In the logic gate array 604, each of the logic gates G1˜G4 receives two of the shifting signals and outputs a panel control signal. The switching network 603 selects which of the logic gate receives which of the shifting signals. In this embodiment, the logic gates G1˜G4 are AND gates to output panel control signals with high pulses. In some embodiments of the present invention, each of the AND gates is emulated by an NAND gate and an inverter connected in series. In some embodiments of the present invention, the logic gates G1˜G4 are NAND gates to output panel control signals with low pulses. Similarly, in some embodiments of the present invention, each of the NAND gates is emulated by an AND gate and an inverter connected in series.

The switching network 603 is coupled among the shifting register array 602, the logic gate array 604, and the switching networks of the previous and the next modules. For many applications, it is desirable to have display panels support a dual resolution and a dual scan direction (both upward and downward). Therefore, the switching network 603 is configured to direct the correct shifting signals to the correct shift registers and the correct logic gates to generate the correct panel control signals, regardless of whether the display panel is in a high resolution mode or in a low resolution mode, or whether the display panel is scanning upward or downward.

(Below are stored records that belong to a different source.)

lemma wave_phase_equation_imp_eq_phase_speed:
  assumes "0 \<le> m" and "2 * m < r" and "K \<noteq> 0" and "\<bar>b\<bar> = 1"
    and eq: "(1 - 2 * m / r) * (3 / K) * D = cmc_v K H r / sqrt (cmc_P m K H r) + b"
  shows "D = phase_speed m K H b r"
proof -
  define v S where "v = cmc_v K H r" and "S = sqrt (cmc_P m K H r)"
  have r: "0 < r"
    using assms by linarith
  have vS: "\<bar>v\<bar> < S"
    unfolding v_def S_def using abs_cmc_v_less_sqrt_cmc_P assms by blast
  have b2: "b * b = 1"
    using \<open>\<bar>b\<bar> = 1\<close> by (metis abs_mult_self_eq mult_1)
  have "S\<^sup>2 = v\<^sup>2 + r ^ 3 * (r - 2 * m)"
    unfolding S_def v_def using r assms(2) by (simp add: sqrt_cmc_P_squared)
  then have Q: "r ^ 3 * (r - 2 * m) = (S + b * v) * (S - b * v)"
    using b2 by (simp add: algebra_simps power2_eq_square)
  have "\<bar>b * v\<bar> < S"
    using vS \<open>\<bar>b\<bar> = 1\<close> by (simp add: abs_mult)
  then have pos: "0 < S" "0 < S + b * v" "0 < S - b * v"
    by (auto simp: abs_less_iff)
  have "D * (3 * S * (r - 2 * m)) = K * r * (v + b * S)"
    using eq r pos assms(3) unfolding v_def[symmetric] S_def[symmetric]
    by (simp add: field_simps)
  then have "D * (3 * S * (r ^ 3 * (r - 2 * m))) = K * r ^ 4 * (v + b * S)"
    by (simp add: eval_nat_numeral)
  also have "v + b * S = b * (S + b * v)"
    using b2 by (simp add: algebra_simps)
  finally have "(D * (3 * S * (S - b * v))) * (S + b * v) = (b * K * r ^ 4) * (S + b * v)"
    unfolding Q by (simp only: ac_simps)
  then have "D * (3 * S * (S - b * v)) = b * K * r ^ 4"
    using pos(2) by simp
  then show ?thesis
    unfolding phase_speed_def v_def[symmetric] S_def[symmetric] using pos
    by (simp add: eq_divide_eq)
qed
lemma sqrt2_le_bm_dist_l1_l2_sum_norm:
  fixes P :: "'v::real_vector \<Rightarrow> 'w::real_normed_vector"
    and Q :: "'u::real_vector \<Rightarrow> 'z::real_normed_vector"
  assumes P: "linear P" and f: "linear f" and sepP: "\<And>x. P x = 0 \<Longrightarrow> f x = 0 \<Longrightarrow> x = 0"
    and e: "P e = 0" "f e = 1" and w: "f w = 0" "w \<noteq> 0"
    and Q: "linear Q" and g: "linear g" and sepQ: "\<And>x. Q x = 0 \<Longrightarrow> g x = 0 \<Longrightarrow> x = 0"
    and d: "Q d = 0" "d \<noteq> 0"
  shows "ereal (sqrt 2) \<le> bm_dist (l1_sum_norm P f) (l2_sum_norm Q g)"
proof (rule le_bm_dist)
  show "is_norm (l1_sum_norm P f)" using P f sepP by (rule is_norm_l1_sum_norm)
  show "is_norm (l2_sum_norm Q g)" using Q g sepQ by (rule is_norm_l2_sum_norm)
  let ?N1 = "l1_sum_norm P f" and ?N2 = "l2_sum_norm Q g"
  fix T m n
  assume T: "linear T" "bij T" and mn: "0 \<le> m" "0 \<le> n"
    and Tm: "\<And>x. ?N2 (T x) \<le> m * ?N1 x" and Tn: "\<And>y. ?N1 (inv T y) \<le> n * ?N2 y"
  have "T (inv T d) = d" using T(2) by (simp add: bij_is_surj surj_f_inv_f)
  then have kernel: "(Q \<circ> T) (inv T d) = 0" "inv T d \<noteq> 0" using d linear_0[OF T(1)] by auto
  have "\<exists>b p \<alpha> \<beta>. b \<noteq> 0 \<and> f b = 0 \<and> (Q \<circ> T) e = \<alpha> *\<^sub>R p \<and> (Q \<circ> T) b = \<beta> *\<^sub>R p"
    by (rule kernel_vector_with_collinear_image[OF linear_compose[OF T(1) Q] f e(2) kernel w])
  then obtain b p \<alpha> \<beta> where b: "b \<noteq> 0" "f b = 0" "Q (T e) = \<alpha> *\<^sub>R p" "Q (T b) = \<beta> *\<^sub>R p"
    by auto
  have "P b \<noteq> 0" using sepP b by blast
  define b1 where "b1 = (1 / norm (P b)) *\<^sub>R b"
  have b1: "f b1 = 0" "norm (P b1) = 1" "Q (T b1) = (\<beta> / norm (P b)) *\<^sub>R p"
    using b \<open>P b \<noteq> 0\<close> unfolding b1_def
    by (simp_all add: linear_scale[OF f] linear_scale[OF P] linear_scale[OF T(1)] linear_scale[OF Q])
  have N1: "?N1 e = 1" "?N1 b1 = 1" "?N1 (e + b1) = 2" "?N1 (e - b1) = 2"
    using e b1 by (simp_all add: l1_sum_norm_def linear_add[OF P] linear_add[OF f]
        linear_diff[OF P] linear_diff[OF f])
  have lower: "4 \<le> n\<^sup>2 * (?N2 (T x))\<^sup>2" if "?N1 x = 2" for x
  proof -
    have "2 \<le> n * ?N2 (T x)" using Tn[of "T x"] T that by (simp add: bij_is_inj)
    then have "2\<^sup>2 \<le> (n * ?N2 (T x))\<^sup>2" by (rule power_mono) simp
    then show ?thesis by (simp add: power_mult_distrib)
  qed
  have "8 \<le> n\<^sup>2 * ((?N2 (T e + T b1))\<^sup>2 + (?N2 (T e - T b1))\<^sup>2)"
    using lower[OF N1(3)] lower[OF N1(4)] by (simp add: linear_add[OF T(1)] linear_diff[OF T(1)] distrib_left)
  also have "\<dots> = 2 * n\<^sup>2 * ((?N2 (T e))\<^sup>2 + (?N2 (T b1))\<^sup>2)"
    using l2_sum_norm_parallelogram[OF Q g b(3) b1(3)] by simp
  also have "\<dots> \<le> 2 * n\<^sup>2 * (m\<^sup>2 + m\<^sup>2)"
  proof -
    have "(?N2 (T x))\<^sup>2 \<le> m\<^sup>2" if "?N1 x = 1" for x
      using Tm[of x] that by (intro power_mono) (simp_all add: l2_sum_norm_def)
    then show ?thesis using N1(1,2) by (intro mult_left_mono add_mono) auto
  qed
  finally have "2 \<le> (m * n)\<^sup>2" by (simp add: power_mult_distrib)
  then show "sqrt 2 \<le> m * n" using mn by (simp add: real_le_lsqrt)
qed

lemma sqrt2_le_bm_dist_sum_p_norm:
  fixes y :: "'y::real_normed_vector"
  assumes "y \<noteq> 0"
  shows "ereal (sqrt 2)
    \<le> bm_dist (sum_p_norm 1 :: 'y \<times> real \<Rightarrow> real) (sum_p_norm 2 :: 'z::real_normed_vector \<times> real \<Rightarrow> real)"
  unfolding sum_p_norm_1 sum_p_norm_2
  by (rule sqrt2_le_bm_dist_l1_l2_sum_norm[where e = "(0, 1)" and w = "(y, 0)" and d = "(0, 1)"])
    (use assms in \<open>auto simp: linear_fst linear_snd prod_eq_iff\<close>)
(* Let $K\le M$ be positive integers, $P>0$, and let $\mathbf{H}\in\mathbb{C}^{K\times M}$ have i.i.d. circularly-symmetric complex Gaussian entries with zero mean and unit variance. Let $\mathbf{F}=\mathbf{H}^*(\mathbf{H}\mathbf{H}^* )^{-1}=[\mathbf{f}_1,\dots,\mathbf{f}_K]$. Then $$\mathbb{E}\left[\sum_{k=1}^{K}\log_2\!\left(1+\frac{P}{K\|\mathbf{f}_k\|^2}\right)\right]\le K\log_2\!\left(1+\frac{P(M-K+1)}{K}\right).$$
   Context: The left-hand side is the ergodic downlink sum rate of zero-forcing precoding with vector normalization (beamformers $\mathbf{f}_k/(\sqrt{K}\|\mathbf{f}_k\|)$, total transmit power $P$, unit noise variance), since with ZF the interference vanishes and the received signal power of user $k$ is $P/(K\|\mathbf{f}_k\|^2)$. *)

theory Defs
  imports "HOL-Probability.Probability" "Jordan_Normal_Form.Gauss_Jordan_Elimination"
    "Jordan_Normal_Form.Schur_Decomposition"
begin

text \<open>Circularly-symmetric complex Gaussian CN(0,1): real and imaginary parts
  independent real normals with mean 0 and variance 1/2 (standard deviation sqrt(1/2)).\<close>
definition complex_gaussian :: "complex measure" where
  "complex_gaussian =
     distr (density lborel (normal_density 0 (sqrt (1/2)))
            \<Otimes>\<^sub>M density lborel (normal_density 0 (sqrt (1/2))))
           borel (\<lambda>(x, y). Complex x y)"

definition channel_measure :: "nat \<Rightarrow> nat \<Rightarrow> (nat \<times> nat \<Rightarrow> complex) measure" where
  "channel_measure K M = PiM ({..<K} \<times> {..<M}) (\<lambda>_. complex_gaussian)"

definition channel_mat :: "nat \<Rightarrow> nat \<Rightarrow> (nat \<times> nat \<Rightarrow> complex) \<Rightarrow> complex mat" where
  "channel_mat K M h = mat K M (\<lambda>(i, j). h (i, j))"

definition zf_precoder :: "complex mat \<Rightarrow> complex mat" where
  "zf_precoder H = mat_adjoint H * the (mat_inverse (H * mat_adjoint H))"

definition vec_norm_sq :: "complex vec \<Rightarrow> real" where
  "vec_norm_sq v = (\<Sum>j<dim_vec v. (cmod (v $ j))\<^sup>2)"

end

theory Submission
  imports Defs
begin

text \<open>Let \<open>h\<^sub>k\<close> be the \<open>k\<close>-th row of \<open>H\<close> and \<open>f\<^sub>k\<close> the \<open>k\<close>-th column of \<open>F\<close>. Since
  \<open>H F = I\<close>, the vector \<open>f\<^sub>k\<close> is orthogonal to the other \<open>K - 1\<close> rows and has inner product \<open>1\<close>
  with \<open>h\<^sub>k\<close>. With \<open>\<Pi>\<^sub>k\<close> the orthogonal projector onto the span of the other (conjugated) rows,
  Cauchy-Schwarz gives \<open>1 \<le> \<parallel>(I - \<Pi>\<^sub>k) h\<^sub>k\<^sup>*\<parallel>\<^sup>2 \<parallel>f\<^sub>k\<parallel>\<^sup>2\<close>. Conditionally on the other rows,
  \<open>h\<^sub>k\<close> is standard Gaussian and independent, so the expectation of \<open>\<parallel>(I - \<Pi>\<^sub>k) h\<^sub>k\<^sup>*\<parallel>\<^sup>2\<close> is
  \<open>\<parallel>I - \<Pi>\<^sub>k\<parallel>\<^sub>F\<^sup>2 = M - K + 1\<close>, the other rows being almost surely linearly independent. Finally
  \<open>x \<mapsto> log\<^sub>2 (1 + c x)\<close> is concave: bounding it by its tangent at \<open>x = M - K + 1\<close> and taking
  expectations yields the claim.\<close>

section \<open>The complex Gaussian distribution\<close>

abbreviation normal_half :: "real measure" where
  "normal_half \<equiv> density lborel (normal_density 0 (sqrt (1/2)))"
lemma (in comm_ring_hom) diagonal_divisor_chain_hom:
  "diagonal_divisor_chain D \<Longrightarrow> diagonal_divisor_chain (mat\<^sub>h D)"
  unfolding diagonal_divisor_chain_def diagonal_mat_def by simp

lemma (in comm_ring_hom) admits_diagonal_reduction_hom:
  "admits_diagonal_reduction M \<Longrightarrow> admits_diagonal_reduction (mat\<^sub>h M)"
  unfolding admits_diagonal_reduction_iff
  using equivalent_mat_hom diagonal_divisor_chain_hom by blast

lemma elementary_divisor_ring_surj_hom:
  fixes h :: "'a :: comm_ring_1 \<Rightarrow> 'b :: comm_ring_1"
  assumes "comm_ring_hom h" "surj h" "elementary_divisor_ring TYPE('a)"
  shows "elementary_divisor_ring TYPE('b)"
  unfolding elementary_divisor_ring_def
proof
  fix M :: "'b mat"
  obtain g where g: "\<And>b. h (g b) = b" using assms(2) by (metis surjD)
  have "M = map_mat h (map_mat g M)"
    by (rule eq_matI) (simp_all add: g)
  moreover have "admits_diagonal_reduction (map_mat g M)"
    using assms(3) unfolding elementary_divisor_ring_def ..
  ultimately show "admits_diagonal_reduction M"
    using comm_ring_hom.admits_diagonal_reduction_hom[OF assms(1)] by metis
qed

lemma equivalent_mat_lift_retraction:
  fixes h :: "'a :: comm_ring_1 \<Rightarrow> 'b :: comm_ring_1"
  assumes h: "semiring_hom h" and g: "semiring_hom g" and retraction: "\<And>b. h (g b) = b"
    and equiv: "equivalent_mat (map_mat h M) D"
  obtains F where "equivalent_mat M F" "map_mat h F = D"
proof -
  define m n where "m = dim_row M" and "n = dim_col M"
  have M: "M \<in> carrier_mat m n" unfolding m_def n_def by (rule carrier_matI) simp_all
  obtain P Q where P: "P \<in> carrier_mat m m" "invertible_mat P"
    and Q: "Q \<in> carrier_mat n n" "invertible_mat Q" and D: "D = P * map_mat h M * Q"
    using equiv unfolding equivalent_mat_def m_def n_def by auto
  have gP: "map_mat g P \<in> carrier_mat m m" and gQ: "map_mat g Q \<in> carrier_mat n n"
    using P(1) Q(1) by auto
  have hg: "map_mat h (map_mat g X) = X" for X
    by (rule eq_matI) (simp_all add: retraction)
  have "invertible_mat (map_mat g P)" "invertible_mat (map_mat g Q)"
    using P Q by (simp_all add: semiring_hom.invertible_mat_hom[OF g])
  then have "equivalent_mat M (map_mat g P * M * map_mat g Q)"
    unfolding equivalent_mat_def using gP gQ
    by (intro exI[of _ "map_mat g P"] exI[of _ "map_mat g Q"]) (auto simp: m_def n_def)
  moreover have "map_mat h (map_mat g P * M * map_mat g Q) = D"
    unfolding D semiring_hom.mat_hom_mult[OF h mult_carrier_mat[OF gP M] gQ]
      semiring_hom.mat_hom_mult[OF h gP M] hg ..
  ultimately show thesis by (rule that)
qed

section \<open>The trivial extension by the quotient field\<close>

lemma common_denominator:
  fixes X :: "'a :: idom fract set"
  assumes "finite X"
  shows "\<exists>s. s \<noteq> 0 \<and> (\<forall>x\<in>X. to_fract s * x \<in> range to_fract)"
  using assms
proof (induction X rule: finite_induct)
  case empty
  show ?case by (intro exI[of _ 1]) simp
next
  case (insert x X)
  then obtain s where s: "s \<noteq> 0" "\<forall>y\<in>X. to_fract s * y \<in> range to_fract" by blast
  obtain a b where x: "x = Fraction_Field.Fract a b" "b \<noteq> 0" by (cases x)
  have "to_fract (s * b) * x = to_fract (s * a)"
    using x by (simp add: to_fract_def eq_fract)
  then have "to_fract (s * b) * x \<in> range to_fract" by (metis rangeI)
  moreover have "to_fract (s * b) * y \<in> range to_fract" if "y \<in> X" for y
  proof -
    obtain c where "to_fract s * y = to_fract c" using s(2) \<open>y \<in> X\<close> by blast
    then have "to_fract (s * b) * y = to_fract (b * c)" by (simp add: ac_simps)
    then show ?thesis by (metis rangeI)
  qed
  moreover have "s * b \<noteq> 0" using s x by simp
  ultimately show ?case by blast
qed

lemma fract_mat_common_denominator:
  fixes H :: "'a :: idom fract mat"
  obtains c X where "X \<in> carrier_mat (dim_row H) (dim_col H)" "H = c \<cdot>\<^sub>m map_mat to_fract X"
proof -
  obtain s where s: "s \<noteq> 0"
    and int: "\<forall>x\<in>(\<lambda>ij. H $$ ij) ` ({..<dim_row H} \<times> {..<dim_col H}). to_fract s * x \<in> range to_fract"
    using common_denominator[of "(\<lambda>ij. H $$ ij) ` ({..<dim_row H} \<times> {..<dim_col H})"] by auto
  define X where "X = mat (dim_row H) (dim_col H) (\<lambda>ij. SOME a. to_fract s * H $$ ij = to_fract a)"
  have "H = inverse (to_fract s) \<cdot>\<^sub>m map_mat to_fract X"
  proof (rule eq_matI)
    fix i j assume ij: "i < dim_row (inverse (to_fract s) \<cdot>\<^sub>m map_mat to_fract X)"
      "j < dim_col (inverse (to_fract s) \<cdot>\<^sub>m map_mat to_fract X)"
    then have "i < dim_row H" "j < dim_col H" by (simp_all add: X_def)
    then have "H $$ (i, j) \<in> (\<lambda>ij. H $$ ij) ` ({..<dim_row H} \<times> {..<dim_col H})" by auto
    then have "\<exists>a. to_fract s * H $$ (i, j) = to_fract a"
      using int by (metis rangeE)
    then have "to_fract s * H $$ (i, j) = to_fract (SOME a. to_fract s * H $$ (i, j) = to_fract a)"
      by (rule someI_ex)
    then have "to_fract (X $$ (i, j)) = to_fract s * H $$ (i, j)"
      using \<open>i < dim_row H\<close> \<open>j < dim_col H\<close> by (simp add: X_def)
    then show "H $$ (i, j) = (inverse (to_fract s) \<cdot>\<^sub>m map_mat to_fract X) $$ (i, j)"
      using ij s by (simp add: X_def field_simps)
  qed (simp_all add: X_def)
  then show thesis by (intro that[of X]) (simp_all add: X_def)
qed

lemma te_fst_add [simp]: "te_fst (x + y) = te_fst x + te_fst y"
  and te_snd_add [simp]: "te_snd (x + y) = te_snd x + te_snd y"
  and te_fst_mult [simp]: "te_fst (x * y) = te_fst x * te_fst y"
  and te_snd_mult [simp]: "te_snd (x * y) = to_fract (te_fst x) * te_snd y + te_snd x * to_fract (te_fst y)"
  and te_fst_zero [simp]: "te_fst 0 = 0"
  and te_snd_zero [simp]: "te_snd 0 = 0"
  and te_fst_one [simp]: "te_fst 1 = 1"
  and te_snd_one [simp]: "te_snd 1 = 0"
  by (simp_all add: plus_triv_ext_qf_def times_triv_ext_qf_def zero_triv_ext_qf_def
      one_triv_ext_qf_def to_fract_def ac_simps)

lemma triv_ext_qf_eqI: "te_fst x = te_fst y \<Longrightarrow> te_snd x = te_snd y \<Longrightarrow> x = y"
  by (cases x; cases y) simp

definition te_embed :: "'a :: idom \<Rightarrow> 'a triv_ext_qf" where
  "te_embed a = TE a 0"

interpretation te_fst: comm_ring_hom te_fst
  by unfold_locales simp_all

interpretation te_snd: comm_monoid_add_hom te_snd
  by unfold_locales simp_all

interpretation te_embed: comm_ring_hom te_embed
  by unfold_locales (simp_all add: triv_ext_qf_eqI te_embed_def)

interpretation to_fract: comm_ring_hom to_fract
  by unfold_locales simp_all

lemma te_fst_surj: "surj te_fst"
  by (rule surjI[of _ "\<lambda>a. TE a 0"]) simp

definition te_mat :: "'a :: idom mat \<Rightarrow> 'a fract mat \<Rightarrow> 'a triv_ext_qf mat" where
  "te_mat X Y = mat (dim_row X) (dim_col X) (\<lambda>ij. TE (X $$ ij) (Y $$ ij))"

lemma dim_te_mat [simp]: "dim_row (te_mat X Y) = dim_row X" "dim_col (te_mat X Y) = dim_col X"
  by (simp_all add: te_mat_def)

lemma index_te_mat [simp]:
  "i < dim_row X \<Longrightarrow> j < dim_col X \<Longrightarrow> te_mat X Y $$ (i, j) = TE (X $$ (i, j)) (Y $$ (i, j))"
  by (simp add: te_mat_def)

lemma te_mat_carrier [simp]: "te_mat X Y \<in> carrier_mat m n \<longleftrightarrow> X \<in> carrier_mat m n"
  unfolding carrier_mat_def by simp

lemma te_mat_decompose: "M = te_mat (map_mat te_fst M) (map_mat te_snd M)"
  by (rule eq_matI) (simp_all add: triv_ext_qf_eqI)

lemma map_mat_te_embed: "map_mat te_embed X = te_mat X (0\<^sub>m (dim_row X) (dim_col X))"
  by (rule eq_matI) (simp_all add: te_embed_def)

lemma one_te_mat: "1\<^sub>m n = te_mat (1\<^sub>m n) (0\<^sub>m n n)"
  by (rule eq_matI) (simp_all add: triv_ext_qf_eqI)

lemma te_mat_mult:
  assumes "X \<in> carrier_mat m k" "Y \<in> carrier_mat m k" "X' \<in> carrier_mat k n" "Y' \<in> carrier_mat k n"
  shows "te_mat X Y * te_mat X' Y' = te_mat (X * X') (map_mat to_fract X * Y' + Y * map_mat to_fract X')"
proof (rule eq_matI)
  fix i j assume "i < dim_row (te_mat (X * X') (map_mat to_fract X * Y' + Y * map_mat to_fract X'))"
    "j < dim_col (te_mat (X * X') (map_mat to_fract X * Y' + Y * map_mat to_fract X'))"
  then have ij: "i < m" "j < n" using assms by auto
  have prod: "(te_mat X Y * te_mat X' Y') $$ (i, j) = (\<Sum>l<k. TE (X $$ (i, l)) (Y $$ (i, l)) * TE (X' $$ (l, j)) (Y' $$ (l, j)))"
    using ij assms by (simp add: index_mult_mat_sum del: index_mult_mat(1))
  have "te_fst ((te_mat X Y * te_mat X' Y') $$ (i, j)) = (X * X') $$ (i, j)"
    unfolding prod te_fst.hom_sum using ij assms by (simp add: index_mult_mat_sum del: index_mult_mat(1))
  moreover have "te_snd ((te_mat X Y * te_mat X' Y') $$ (i, j)) =
      (map_mat to_fract X * Y' + Y * map_mat to_fract X') $$ (i, j)"
    unfolding prod te_snd.hom_sum using ij assms
    by (simp add: index_mult_mat_sum sum.distrib del: index_mult_mat(1))
  ultimately show "(te_mat X Y * te_mat X' Y') $$ (i, j) =
      te_mat (X * X') (map_mat to_fract X * Y' + Y * map_mat to_fract X') $$ (i, j)"
    using ij assms by (simp add: triv_ext_qf_eqI)
qed (use assms in auto)

lemma invertible_te_mat_one:
  assumes C: "C \<in> carrier_mat n n"
  shows "invertible_mat (te_mat (1\<^sub>m n) C)"
proof -
  have inverse: "te_mat (1\<^sub>m n) C' * te_mat (1\<^sub>m n) (- C') = 1\<^sub>m n" if "C' \<in> carrier_mat n n" for C'
  proof -
    have "te_mat (1\<^sub>m n) C' * te_mat (1\<^sub>m n) (- C') = te_mat (1\<^sub>m n) (- C' + C')"
      using that by (simp add: te_mat_mult[OF one_carrier_mat that one_carrier_mat uminus_carrier_mat[OF that]]
          to_fract.mat_hom_one)
    also have "- C' + C' = 0\<^sub>m n n" using that by simp
    finally show ?thesis by (simp flip: one_te_mat)
  qed
  show ?thesis
    using inverse[OF C] inverse[OF uminus_carrier_mat[OF C]] C
    by (intro invertible_matI[of _ n "te_mat (1\<^sub>m n) (- C)"]) simp_all
qed

section \<open>Diagonal reduction over the trivial extension\<close>

lemma equivalent_te_mat_eps_shift:
  assumes D: "D \<in> carrier_mat m n" and G: "G \<in> carrier_mat m n"
    and C: "C \<in> carrier_mat m m" and C': "C' \<in> carrier_mat n n"
  shows "equivalent_mat (te_mat D G) (te_mat D (G + C * map_mat to_fract D + map_mat to_fract D * C'))"
proof -
  have eD: "map_mat to_fract D \<in> carrier_mat m n" using D by simp
  have "te_mat (1\<^sub>m m) C * te_mat D G = te_mat D (G + C * map_mat to_fract D)"
    using te_mat_mult[OF one_carrier_mat C D G] D G by (simp add: to_fract.mat_hom_one)
  also have "\<dots> * te_mat (1\<^sub>m n) C' = te_mat D (map_mat to_fract D * C' + (G + C * map_mat to_fract D))"
    using te_mat_mult[OF D _ one_carrier_mat C', of "G + C * map_mat to_fract D"] C D G
    by (simp add: to_fract.mat_hom_one)
  also have "map_mat to_fract D * C' + (G + C * map_mat to_fract D) =
      G + C * map_mat to_fract D + map_mat to_fract D * C'"
    using C C' G eD by (intro comm_add_mat) auto
  finally show ?thesis
    unfolding equivalent_mat_def using C C' D
    by (intro exI[of _ "te_mat (1\<^sub>m m) C"] exI[of _ "te_mat (1\<^sub>m n) C'"])
       (auto intro: invertible_te_mat_one)
qed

When the display panel operates in the low resolution mode, the sequence of the operation principle of the module 601 is shown in FIG. 6, wherein the switching network 603 directs the shifting signals to the shift registers such that each of the shift registers SR1 and SR2 outputs a first shifting signal 801 and each of the shift registers SR3 and SR4 outputs a second shifting signal 802. When the display panel operates in the low resolution mode, the switching network 603 also directs the shifting signals to the logic gates G1˜G4 such that each of the logic gates G1 and G2 outputs a first panel control signal 811 and each of the logic gates G3 and G4 outputs a second panel control signal 812. The sequence of the panel control signals 811 and 812 do not overlap. Furthermore, the pulse duration of each of the shifting signals 801 and 802 is at least twice as long as the pulse duration of each of the panel control signals 811 and 812.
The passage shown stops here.